* [Exercise instructions]: Your answer should be the lines below from the one with "(prev d j))" to the one with "norm $\|\cdot\|_p$ in $[a,b]$.", both included, given again exactly and with nothing added.

Source records START

(* The Wachspress quadrics $(I_{W_d})_2$ are those elements of $S_2$ which are diagonally supported and vanish on $\mathcal{C}$. The quadrics $Q_k=\Lambda_k\cdot \tau$ for $k=1,\dots,d$ span $(I_{W_d})_2$.
   Context: Let $P_d$ be a convex polygon with $d\ge 4$ vertices $v_1,\dots,v_d$ (indices mod $d$) over a field $\mathbb{K}$ with no three edge lines concurrent. Set ${\bf v}_i=(v_i,1)$, ${\bf n}_i={\bf v}_i\times{\bf v}_{i+1}$, $\alpha_j=|{\bf v}_{j-1}\,{\bf v}_j\,{\bf v}_{j+1}|$, $\ell_j=|{\bf v}_j\,{\bf v}_{j+1}\,{\bf p}|$, $b_i=\alpha_i\prod_{j\ne i-1,i}\ell_j$; $W_d\subseteq\mathbb{P}^{d-1}$ is the closure of the image of $p\mapsto(b_1,\dots,b_d)$ with ideal $I_{W_d}\subseteq S=\mathbb{K}[x_1,\ldots,x_d]$. Let $\tau=\sum_i x_i{\bf v}_i\in S_1^3$, $\mathcal{C}=\mathbb{V}(\tau_1,\tau_2,\tau_3)$ the center of the projection $\tau$, and $\Lambda_k=\frac{x_{k+1}}{\alpha_{k+1}}{\bf n}_{k+1}-\frac{x_k}{\alpha_k}{\bf n}_{k-1}$. A quadric is diagonally supported if it is a linear combination of monomials $x_ix_j$ with $j\notin\{i-1,i,i+1\}$. *)

theory Defs
  imports Main
begin

text \<open>Points of the plane are pairs; homogeneous vectors in K^3 are triples.
  Polygon vertices are indexed 0..d-1 (cyclically, mod d).\<close>

type_synonym 'a vec3 = "'a \<times> 'a \<times> 'a"

definition hom :: "'a::field \<times> 'a \<Rightarrow> 'a vec3" where
  "hom p = (fst p, snd p, 1)"

fun comp3 :: "'a vec3 \<Rightarrow> nat \<Rightarrow> 'a" where
  "comp3 (a1, a2, a3) m = (if m = 0 then a1 else if m = 1 then a2 else a3)"

fun cross3 :: "'a::comm_ring vec3 \<Rightarrow> 'a vec3 \<Rightarrow> 'a vec3" where
  "cross3 (a1, a2, a3) (b1, b2, b3) =
     (a2 * b3 - a3 * b2, a3 * b1 - a1 * b3, a1 * b2 - a2 * b1)"

fun dot3 :: "'a::comm_ring vec3 \<Rightarrow> 'a vec3 \<Rightarrow> 'a" where
  "dot3 (a1, a2, a3) (b1, b2, b3) = a1 * b1 + a2 * b2 + a3 * b3"

definition det3 :: "'a::comm_ring vec3 \<Rightarrow> 'a vec3 \<Rightarrow> 'a vec3 \<Rightarrow> 'a" where
  "det3 a b c = dot3 a (cross3 b c)"

definition vv :: "nat \<Rightarrow> (nat \<Rightarrow> 'a::field \<times> 'a) \<Rightarrow> nat \<Rightarrow> 'a vec3" where
  "vv d v i = hom (v (i mod d))"

definition prev :: "nat \<Rightarrow> nat \<Rightarrow> nat" where
  "prev d i = (i + d - 1) mod d"

definition nvec :: "nat \<Rightarrow> (nat \<Rightarrow> 'a::field \<times> 'a) \<Rightarrow> nat \<Rightarrow> 'a vec3" where
  "nvec d v i = cross3 (vv d v i) (vv d v (i + 1))"

definition alpha :: "nat \<Rightarrow> (nat \<Rightarrow> 'a::field \<times> 'a) \<Rightarrow> nat \<Rightarrow> 'a" where
  "alpha d v j = det3 (vv d v (prev d j)) (vv d v j) (vv d v (j + 1))"

definition ell :: "nat \<Rightarrow> (nat \<Rightarrow> 'a::field \<times> 'a) \<Rightarrow> nat \<Rightarrow> 'a \<times> 'a \<Rightarrow> 'a" where
  "ell d v j p = det3 (vv d v j) (vv d v (j + 1)) (hom p)"

definition bcoord :: "nat \<Rightarrow> (nat \<Rightarrow> 'a::field \<times> 'a) \<Rightarrow> nat \<Rightarrow> 'a \<times> 'a \<Rightarrow> 'a" where
  "bcoord d v i p = alpha d v i * (\<Prod>j \<in> {0..<d} - {prev d i, i mod d}. ell d v j p)"
(* Let $(X,d,\mathfrak{m},p)$ be a pointed metric measure space, and assume that for each $R>r>0$ there is $C(R,r)>0$ such that $\mathfrak{m}(B_x(R,X))\leq C(R,r)\cdot\mathfrak{m}(B_x(r,X))$ for every $x\in X$. Then for each $[a,b]\subset(0,\infty)$, any discrete group $\Gamma\leq\mathrm{Iso}(X)$ and any short basis $\beta\subset\Gamma$ with respect to $p$, there are at most $C(3b,a/2)$ elements of $\beta$ with norm $\|\cdot\|_p$ in $[a,b]$.
   Context: For $g\in\Gamma$, $\|g\|_p:=d(gp,p)$. A short basis of $\Gamma$ with respect to $p$ is a countable collection $\{\gamma_1,\gamma_2,\dots\}\subset\Gamma$ such that each $\gamma_{j+1}$ is an element of minimal norm in $\Gamma\setminus\langle\gamma_1,\dots,\gamma_j\rangle$. *)

theory Defs
  imports "HOL-Analysis.Analysis"
begin

definition isometry :: "('a::metric_space \<Rightarrow> 'a) \<Rightarrow> bool" where
  "isometry g \<longleftrightarrow> (\<forall>x y. dist (g x) (g y) = dist x y) \<and> surj g"

definition iso_subgroup :: "('a::metric_space \<Rightarrow> 'a) set \<Rightarrow> bool" where
  "iso_subgroup G \<longleftrightarrow> (\<forall>g\<in>G. isometry g) \<and> id \<in> G \<and>
     (\<forall>g\<in>G. \<forall>h\<in>G. g \<circ> h \<in> G) \<and> (\<forall>g\<in>G. inv g \<in> G)"

definition gen_subgroup :: "('a::metric_space \<Rightarrow> 'a) set \<Rightarrow> ('a \<Rightarrow> 'a) set" where
  "gen_subgroup S = \<Inter>{H. iso_subgroup H \<and> S \<subseteq> H}"

text \<open>Discreteness of a subgroup of Iso(X) in the compact-open topology:
  every element has a basic compact-open neighbourhood
  {h. sup over K of dist (h x) (g x) < e} containing no other element.\<close>
definition discrete_iso_subgroup :: "('a::metric_space \<Rightarrow> 'a) set \<Rightarrow> bool" where
  "discrete_iso_subgroup G \<longleftrightarrow> iso_subgroup G \<and>
     (\<forall>g\<in>G. \<exists>K e. compact K \<and> e > 0 \<and>
        (\<forall>h\<in>G. (\<forall>x\<in>K. dist (h x) (g x) < e) \<longrightarrow> h = g))"

definition iso_norm :: "'a::metric_space \<Rightarrow> ('a \<Rightarrow> 'a) \<Rightarrow> real" where
  "iso_norm p g = dist (g p) p"

text \<open>Short basis: a sequence gamma indexed by I, where I = {..<n} (finite collection)
  or I = UNIV (infinite collection); index j here corresponds to gamma_(j+1) in the paper.\<close>
definition short_basis ::
  "('a::metric_space \<Rightarrow> 'a) set \<Rightarrow> 'a \<Rightarrow> (nat \<Rightarrow> ('a \<Rightarrow> 'a)) \<Rightarrow> nat set \<Rightarrow> bool" where
  "short_basis G p \<gamma> I \<longleftrightarrow>
     (I = UNIV \<or> (\<exists>n. I = {..<n})) \<and>
     (\<forall>j\<in>I. \<gamma> j \<in> G - gen_subgroup (\<gamma> ` {..<j}) \<and>
        (\<forall>h\<in>G - gen_subgroup (\<gamma> ` {..<j}). iso_norm p (\<gamma> j) \<le> iso_norm p h))"

definition mm_space :: "'a::polish_space measure \<Rightarrow> bool" where
  "mm_space M \<longleftrightarrow> sets M = sets borel \<and>
     (\<forall>x r. emeasure M (ball x r) < \<infinity>) \<and>
     (\<forall>x r. r > 0 \<longrightarrow> emeasure M (ball x r) > 0)"

end

theory Submission
  imports Defs
begin

text \<open>For i < j the isometry inv (\<gamma> i) \<circ> \<gamma> j lies outside the subgroup generated by
  \<gamma> 0, ..., \<gamma> (j - 1) (otherwise \<gamma> j would too), so minimality of \<gamma> j gives
  \<open>\<parallel>\<gamma> j\<parallel> \<le> \<parallel>inv (\<gamma> i) \<circ> \<gamma> j\<parallel> = d(\<gamma> i p, \<gamma> j p)\<close>. Hence the points \<gamma> p of the basis
  elements with norm in [a, b] are a-separated and lie within distance b of p. The balls of
  radius a/2 around them are disjoint and all contained in the 3b-ball around the centre whose
  a/2-ball has the smallest measure, so the doubling condition at that centre bounds their
  number by C(3b, a/2).\<close>

lemma gen_subgroup_comp_mem:
  assumes "g \<in> S" and "h \<in> gen_subgroup S"
  shows "g \<circ> h \<in> gen_subgroup S"
  using assms unfolding gen_subgroup_def iso_subgroup_def by blast

lemma short_basis_norm_le_dist:
  assumes \<Gamma>: "iso_subgroup \<Gamma>"
    and sb: "short_basis \<Gamma> p \<gamma> I"
    and ij: "i \<in> I" "j \<in> I" "i < j"
  shows "iso_norm p (\<gamma> j) \<le> dist (\<gamma> i p) (\<gamma> j p)"
proof -
  let ?H = "gen_subgroup (\<gamma> ` {..<j})"
  have \<gamma>i: "\<gamma> i \<in> \<Gamma>" and \<gamma>j: "\<gamma> j \<in> \<Gamma> - ?H"
    and minimal: "\<And>h. h \<in> \<Gamma> - ?H \<Longrightarrow> iso_norm p (\<gamma> j) \<le> iso_norm p h"
    using sb ij by (auto simp: short_basis_def)
  have isometric: "\<And>x y. dist (\<gamma> i x) (\<gamma> i y) = dist x y" and surj: "surj (\<gamma> i)"
    using \<Gamma> \<gamma>i by (auto simp: iso_subgroup_def isometry_def)
  define h where "h = inv (\<gamma> i) \<circ> \<gamma> j"
  have "\<gamma> i \<circ> h = \<gamma> j"
    unfolding h_def using surj by (auto simp: surj_f_inv_f)
  with \<gamma>j ij have "h \<notin> ?H"
    using gen_subgroup_comp_mem[of "\<gamma> i" "\<gamma> ` {..<j}" h] by auto
  moreover have "h \<in> \<Gamma>"
    using \<Gamma> \<gamma>i \<gamma>j unfolding h_def iso_subgroup_def by blast
  ultimately have "iso_norm p (\<gamma> j) \<le> iso_norm p h"
    using minimal by blast
  also have "iso_norm p h = dist (\<gamma> i (inv (\<gamma> i) (\<gamma> j p))) (\<gamma> i p)"
    unfolding iso_norm_def h_def by (simp add: isometric)
  also have "\<dots> = dist (\<gamma> i p) (\<gamma> j p)"
    using surj by (simp add: surj_f_inv_f dist_commute)
  finally show ?thesis .
qed

lemma short_basis_separated:
  assumes "iso_subgroup \<Gamma>" and "short_basis \<Gamma> p \<gamma> I"
    and "i \<in> I" "j \<in> I" "i \<noteq> j"
    and "a \<le> iso_norm p (\<gamma> i)" "a \<le> iso_norm p (\<gamma> j)"
  shows "a \<le> dist (\<gamma> i p) (\<gamma> j p)"
proof (cases "i < j")
  case True
  then show ?thesis
    using short_basis_norm_le_dist[OF assms(1,2,3,4)] assms(7) by linarith
next
  case False
  then have "j < i" using \<open>i \<noteq> j\<close> by linarith
  then show ?thesis
    using short_basis_norm_le_dist[OF assms(1,2,4,3)] assms(6) by (simp add: dist_commute)
qed

lemma card_le_of_separated_balls:
  fixes M :: "'a::metric_space measure" and x :: "'i \<Rightarrow> 'a"
  assumes balls: "\<And>y s. ball y s \<in> sets M"
    and F: "finite F" and c: "0 \<le> c"
    and separated: "\<And>i j. i \<in> F \<Longrightarrow> j \<in> F \<Longrightarrow> i \<noteq> j \<Longrightarrow> 2 * r \<le> dist (x i) (x j)"
    and bounded: "\<And>i. i \<in> F \<Longrightarrow> dist (x i) p \<le> b"
    and R: "2 * b + r \<le> R"
    and pos: "\<And>i. i \<in> F \<Longrightarrow> 0 < emeasure M (ball (x i) r)"
    and fin: "\<And>i. i \<in> F \<Longrightarrow> emeasure M (ball (x i) r) < \<infinity>"
    and doubling: "\<And>i. i \<in> F \<Longrightarrow>
        emeasure M (ball (x i) R) \<le> ennreal c * emeasure M (ball (x i) r)"
  shows "real (card F) \<le> c"
proof (cases "F = {}")
  case True
  then show ?thesis using c by simp
next
  case False
  define m where "m i = emeasure M (ball (x i) r)" for i
  define i\<^sub>0 where "i\<^sub>0 = arg_min_on m F"
  have i\<^sub>0: "i\<^sub>0 \<in> F" and m_min: "\<And>i. i \<in> F \<Longrightarrow> m i\<^sub>0 \<le> m i"
    using arg_min_if_finite[OF F False, of m] unfolding i\<^sub>0_def by (auto simp: not_less)
  have disjoint: "disjoint_family_on (\<lambda>i. ball (x i) r) F"
    unfolding disjoint_family_on_def by (metis separated disjoint_ballI mult_2)
  have covered: "(\<Union>i\<in>F. ball (x i) r) \<subseteq> ball (x i\<^sub>0) R"
  proof
    fix y assume "y \<in> (\<Union>i\<in>F. ball (x i) r)"
    then obtain i where "i \<in> F" "dist (x i) y < r" by auto
    moreover have "dist (x i\<^sub>0) p \<le> b" using bounded i\<^sub>0 .
    ultimately show "y \<in> ball (x i\<^sub>0) R"
      using bounded[of i] dist_triangle[of "x i\<^sub>0" y p] dist_triangle[of p y "x i"] R
      by (simp add: dist_commute)
  qed
  have "of_nat (card F) * m i\<^sub>0 = (\<Sum>i\<in>F. m i\<^sub>0)" by simp
  also have "\<dots> \<le> (\<Sum>i\<in>F. m i)" using m_min by (rule sum_mono)
  also have "\<dots> = emeasure M (\<Union>i\<in>F. ball (x i) r)"
    unfolding m_def using sum_emeasure[OF _ disjoint F] balls by auto
  also have "\<dots> \<le> emeasure M (ball (x i\<^sub>0) R)"
    using covered balls by (rule emeasure_mono)
  also have "\<dots> \<le> ennreal c * m i\<^sub>0"
    unfolding m_def using doubling i\<^sub>0 .
  finally have "m i\<^sub>0 * of_nat (card F) \<le> m i\<^sub>0 * ennreal c"
    by (simp add: mult.commute)
  then have "of_nat (card F) \<le> ennreal c"
    using pos[OF i\<^sub>0] fin[OF i\<^sub>0] unfolding m_def by (simp add: ennreal_mult_le_mult_iff)
  then show ?thesis
    using c by (metis ennreal_le_iff ennreal_of_nat_eq_real_of_nat)
qed

lemma finite_and_card_le_if_finite_subsets_card_le:
  fixes c :: real
  assumes "\<And>G. G \<subseteq> F \<Longrightarrow> finite G \<Longrightarrow> real (card G) \<le> c"
  shows "finite F \<and> real (card F) \<le> c"
proof -
  have "c \<ge> 0" using assms[of "{}"] by simp
  have "finite F \<and> card F \<le> nat \<lfloor>c\<rfloor>"
    by (rule finite_if_finite_subsets_card_bdd) (use assms in \<open>meson le_nat_floor\<close>)
  with \<open>c \<ge> 0\<close> show ?thesis by linarith
qed

theorem mainTheorem12:
  fixes M :: "'a::polish_space measure" and p :: 'a
    and C :: "real \<Rightarrow> real \<Rightarrow> real"
    and \<Gamma> :: "('a \<Rightarrow> 'a) set" and \<gamma> :: "nat \<Rightarrow> ('a \<Rightarrow> 'a)" and I :: "nat set"
    and a b :: real
  assumes mms: "mm_space M"
    and Cpos: "\<And>R r. R > r \<Longrightarrow> r > 0 \<Longrightarrow> C R r > 0"
    and doubling: "\<And>R r x. R > r \<Longrightarrow> r > 0 \<Longrightarrow>
        emeasure M (ball x R) \<le> ennreal (C R r) * emeasure M (ball x r)"
    and ab: "0 < a" "a \<le> b"
    and discr: "discrete_iso_subgroup \<Gamma>"
    and sb: "short_basis \<Gamma> p \<gamma> I"
  shows "finite {g \<in> \<gamma> ` I. a \<le> iso_norm p g \<and> iso_norm p g \<le> b} \<and>
         real (card {g \<in> \<gamma> ` I. a \<le> iso_norm p g \<and> iso_norm p g \<le> b}) \<le> C (3 * b) (a / 2)"
proof -
  define J where "J = {j \<in> I. a \<le> iso_norm p (\<gamma> j) \<and> iso_norm p (\<gamma> j) \<le> b}"
  have \<Gamma>: "iso_subgroup \<Gamma>" using discr by (simp add: discrete_iso_subgroup_def)
  have "finite J \<and> real (card J) \<le> C (3 * b) (a / 2)"
  proof (rule finite_and_card_le_if_finite_subsets_card_le)
    fix G assume G: "G \<subseteq> J" "finite G"
    have separated: "2 * (a / 2) \<le> dist (\<gamma> i p) (\<gamma> j p)"
      if "i \<in> G" "j \<in> G" "i \<noteq> j" for i j
      using that G short_basis_separated[OF \<Gamma> sb, of i j a] unfolding J_def by auto
    show "real (card G) \<le> C (3 * b) (a / 2)"
      using G separated mms ab Cpos[of "a / 2" "3 * b"] doubling[of "a / 2" "3 * b"]
      by (intro card_le_of_separated_balls[where M = M and x = "\<lambda>j. \<gamma> j p" and p = p
          and b = b and r = "a / 2" and R = "3 * b"])
        (auto simp: mm_space_def J_def iso_norm_def)
  qed
  moreover have "{g \<in> \<gamma> ` I. a \<le> iso_norm p g \<and> iso_norm p g \<le> b} = \<gamma> ` J"
    unfolding J_def by auto
  ultimately show ?thesis
    using card_image_le[of J \<gamma>] by (simp add: order_trans)
qed

end
lemma dist_rat_point_frechet:
  assumes q: "dist_matrix_n n q" and R: "\<And>k t. \<bar>of_rat (R k t) - q k t\<bar> \<le> \<delta>"
    and ks: "k < n" "s < n"
  shows "\<bar>dist (rat_point (map (R k) [0..<n])) (rat_point (map (R s) [0..<n])) - q k s\<bar> \<le> 2 * \<delta>"
proof -
  let ?x = "rat_point (map (R k) [0..<n])" and ?y = "rat_point (map (R s) [0..<n])"
  have seq: "rat_seq (map (R j) [0..<n]) i = (if i = 0 then real n else if i \<le> n then of_rat (R j (i - 1)) else 0)"
    for j i
    by (simp add: rat_seq_def)
  have q_sym: "q i j = q j i" and q_tri: "q i j \<le> q i l + q l j" and q0: "q i i = 0"
    and q_nonneg: "0 \<le> q i j" if "i < n" "j < n" "l < n" for i j l
    using q that unfolding dist_matrix_n_def by auto
  have R_bounds: "of_rat (R j t) \<le> q j t + \<delta>" "q j t - \<delta> \<le> of_rat (R j t)" for j t
    using R[of j t] unfolding abs_le_iff by linarith+
  have upper: "dist ?x ?y \<le> q k s + 2 * \<delta>"
  proof (rule dist_bound)
    fix i
    show "dist (?x i) (?y i) \<le> q k s + 2 * \<delta>"
    proof (cases "0 < i \<and> i \<le> n")
      case True
      then have "i - 1 < n" by linarith
      then have "\<bar>of_rat (R k (i - 1)) - of_rat (R s (i - 1))\<bar> \<le> q k s + 2 * \<delta>"
        using q_tri[of k "i - 1" s] q_tri[of s "i - 1" k] q_sym[of s k] ks
          R_bounds[of k "i - 1"] R_bounds[of s "i - 1"]
        unfolding abs_le_iff by auto
      then show ?thesis using True by (simp add: seq dist_real_def)
    next
      case False
      then show ?thesis using q_nonneg[OF ks ks(1)] R[of k k] by (auto simp: seq)
    qed
  qed
  have "dist (?x (Suc s)) (?y (Suc s)) \<le> dist ?x ?y"
    by (rule dist_bounded)
  then have "\<bar>of_rat (R k s) - of_rat (R s s)\<bar> \<le> dist ?x ?y"
    using ks by (simp add: seq dist_real_def)
  then have lower: "q k s - 2 * \<delta> \<le> dist ?x ?y"
    using R_bounds[of k s] R_bounds[of s s] q0[OF ks(2) ks(2) ks(2)] by linarith
  from upper lower show ?thesis unfolding abs_le_iff by linarith
qed

lemma rat_point_approx:
  assumes q: "dist_matrix_n n q" and "0 < \<epsilon>"
  obtains xs where "\<And>k s. k < n \<Longrightarrow> s < n \<Longrightarrow> \<bar>dist (rat_point (xs k)) (rat_point (xs s)) - q k s\<bar> < \<epsilon>"
proof -
  have "\<exists>x::rat. \<bar>of_rat x - y\<bar> \<le> \<epsilon>/4" for y
  proof -
    obtain x :: rat where "y - \<epsilon>/4 < of_rat x" "of_rat x < y + \<epsilon>/4"
      using of_rat_dense[of "y - \<epsilon>/4" "y + \<epsilon>/4"] \<open>0 < \<epsilon>\<close> by auto
    then have "\<bar>of_rat x - y\<bar> \<le> \<epsilon>/4" unfolding abs_le_iff by linarith
    then show ?thesis ..
  qed
  then obtain round :: "real \<Rightarrow> rat" where round: "\<And>y. \<bar>of_rat (round y) - y\<bar> \<le> \<epsilon>/4" by metis
  show ?thesis
  proof (rule that)
    fix k s assume "k < n" "s < n"
    with dist_rat_point_frechet[OF q round] \<open>0 < \<epsilon>\<close>
    show "\<bar>dist (rat_point (map (\<lambda>t. round (q k t)) [0..<n])) (rat_point (map (\<lambda>t. round (q s t)) [0..<n]))
      - q k s\<bar> < \<epsilon>"
      by fastforce
  qed
qed

definition rat_sup_matrix :: "nat \<Rightarrow> nat \<Rightarrow> real" where
  "rat_sup_matrix = point_dist_matrix (\<lambda>i. rat_point (from_nat_into UNIV i))"

lemma inj_rat_point_from_nat_into: "inj (\<lambda>i. rat_point (from_nat_into (UNIV :: rat list set) i))"
  using inj_compose[OF inj_rat_point bij_betw_imp_inj_on[OF bij_betw_from_nat_into]]
  by (simp add: comp_def infinite_UNIV_listI)

lemma weakly_universal_rat_sup_matrix: "weakly_universal rat_sup_matrix"
  unfolding rat_sup_matrix_def
proof (rule weakly_universalI_shift)
  fix n q and c :: real assume "dist_matrix_n n q" "0 < c"
  then have "dist_matrix_n n (shift_offdiag c q)" "0 < c/2" by (simp_all add: dist_matrix_n_shift_offdiag)
  then obtain xs where xs: "\<And>k s. k < n \<Longrightarrow> s < n \<Longrightarrow>
      \<bar>dist (rat_point (xs k)) (rat_point (xs s)) - shift_offdiag c q k s\<bar> < c/2"
    by (rule rat_point_approx) blast
  have "from_nat_into UNIV (to_nat_on UNIV (xs k)) = xs k" for k by simp
  with xs show "\<exists>idx. approx_copy (point_dist_matrix (\<lambda>i. rat_point (from_nat_into UNIV i))) n (shift_offdiag c q) (c/2) idx"
    unfolding approx_copy_def point_dist_matrix_def by (intro exI[of _ "\<lambda>k. to_nat_on UNIV (xs k)"]) simp
qed (simp_all add: dist_matrix_point_dist_matrix proper_point_dist_matrix inj_rat_point_from_nat_into)

lemma not_universal_rat_sup_matrix: "\<not> universal rat_sup_matrix"
proof
  assume U: "universal rat_sup_matrix"
  obtain i where i: "from_nat_into UNIV i = ([] :: rat list)"
    using from_nat_into_surj[OF countableI_type UNIV_I] by blast
  obtain m where m: "0 < rat_sup_matrix i m" "rat_sup_matrix i m < 1"
    using universal_no_isolated_point[OF U zero_less_one] by blast
  show False
  proof (cases "from_nat_into UNIV m = ([] :: rat list)")
    case True
    then have "rat_sup_matrix i m = 0" using i by (simp add: rat_sup_matrix_def point_dist_matrix_def)
    with m show False by simp
  next
    case False
    then have "1 \<le> rat_sup_matrix i m"
      using i dist_rat_point_Nil by (simp add: rat_sup_matrix_def point_dist_matrix_def)
    with m show False by simp
  qed
qed

theorem lemma5:
  shows "(\<forall>r :: nat \<Rightarrow> nat \<Rightarrow> real. universal r \<longrightarrow> weakly_universal r) \<and>
         (\<exists>r :: nat \<Rightarrow> nat \<Rightarrow> real. weakly_universal r \<and> \<not> universal r)"
  using universal_imp_weakly_universal weakly_universal_rat_sup_matrix not_universal_rat_sup_matrix
  by blast

end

Source records END

* [Exercise solution]:
  "alpha d v j = det3 (vv d v (prev d j)) (vv d v j) (vv d v (j + 1))"

definition ell :: "nat \<Rightarrow> (nat \<Rightarrow> 'a::field \<times> 'a) \<Rightarrow> nat \<Rightarrow> 'a \<times> 'a \<Rightarrow> 'a" where
  "ell d v j p = det3 (vv d v j) (vv d v (j + 1)) (hom p)"

definition bcoord :: "nat \<Rightarrow> (nat \<Rightarrow> 'a::field \<times> 'a) \<Rightarrow> nat \<Rightarrow> 'a \<times> 'a \<Rightarrow> 'a" where
  "bcoord d v i p = alpha d v i * (\<Prod>j \<in> {0..<d} - {prev d i, i mod d}. ell d v j p)"
(* Let $(X,d,\mathfrak{m},p)$ be a pointed metric measure space, and assume that for each $R>r>0$ there is $C(R,r)>0$ such that $\mathfrak{m}(B_x(R,X))\leq C(R,r)\cdot\mathfrak{m}(B_x(r,X))$ for every $x\in X$. Then for each $[a,b]\subset(0,\infty)$, any discrete group $\Gamma\leq\mathrm{Iso}(X)$ and any short basis $\beta\subset\Gamma$ with respect to $p$, there are at most $C(3b,a/2)$ elements of $\beta$ with norm $\|\cdot\|_p$ in $[a,b]$.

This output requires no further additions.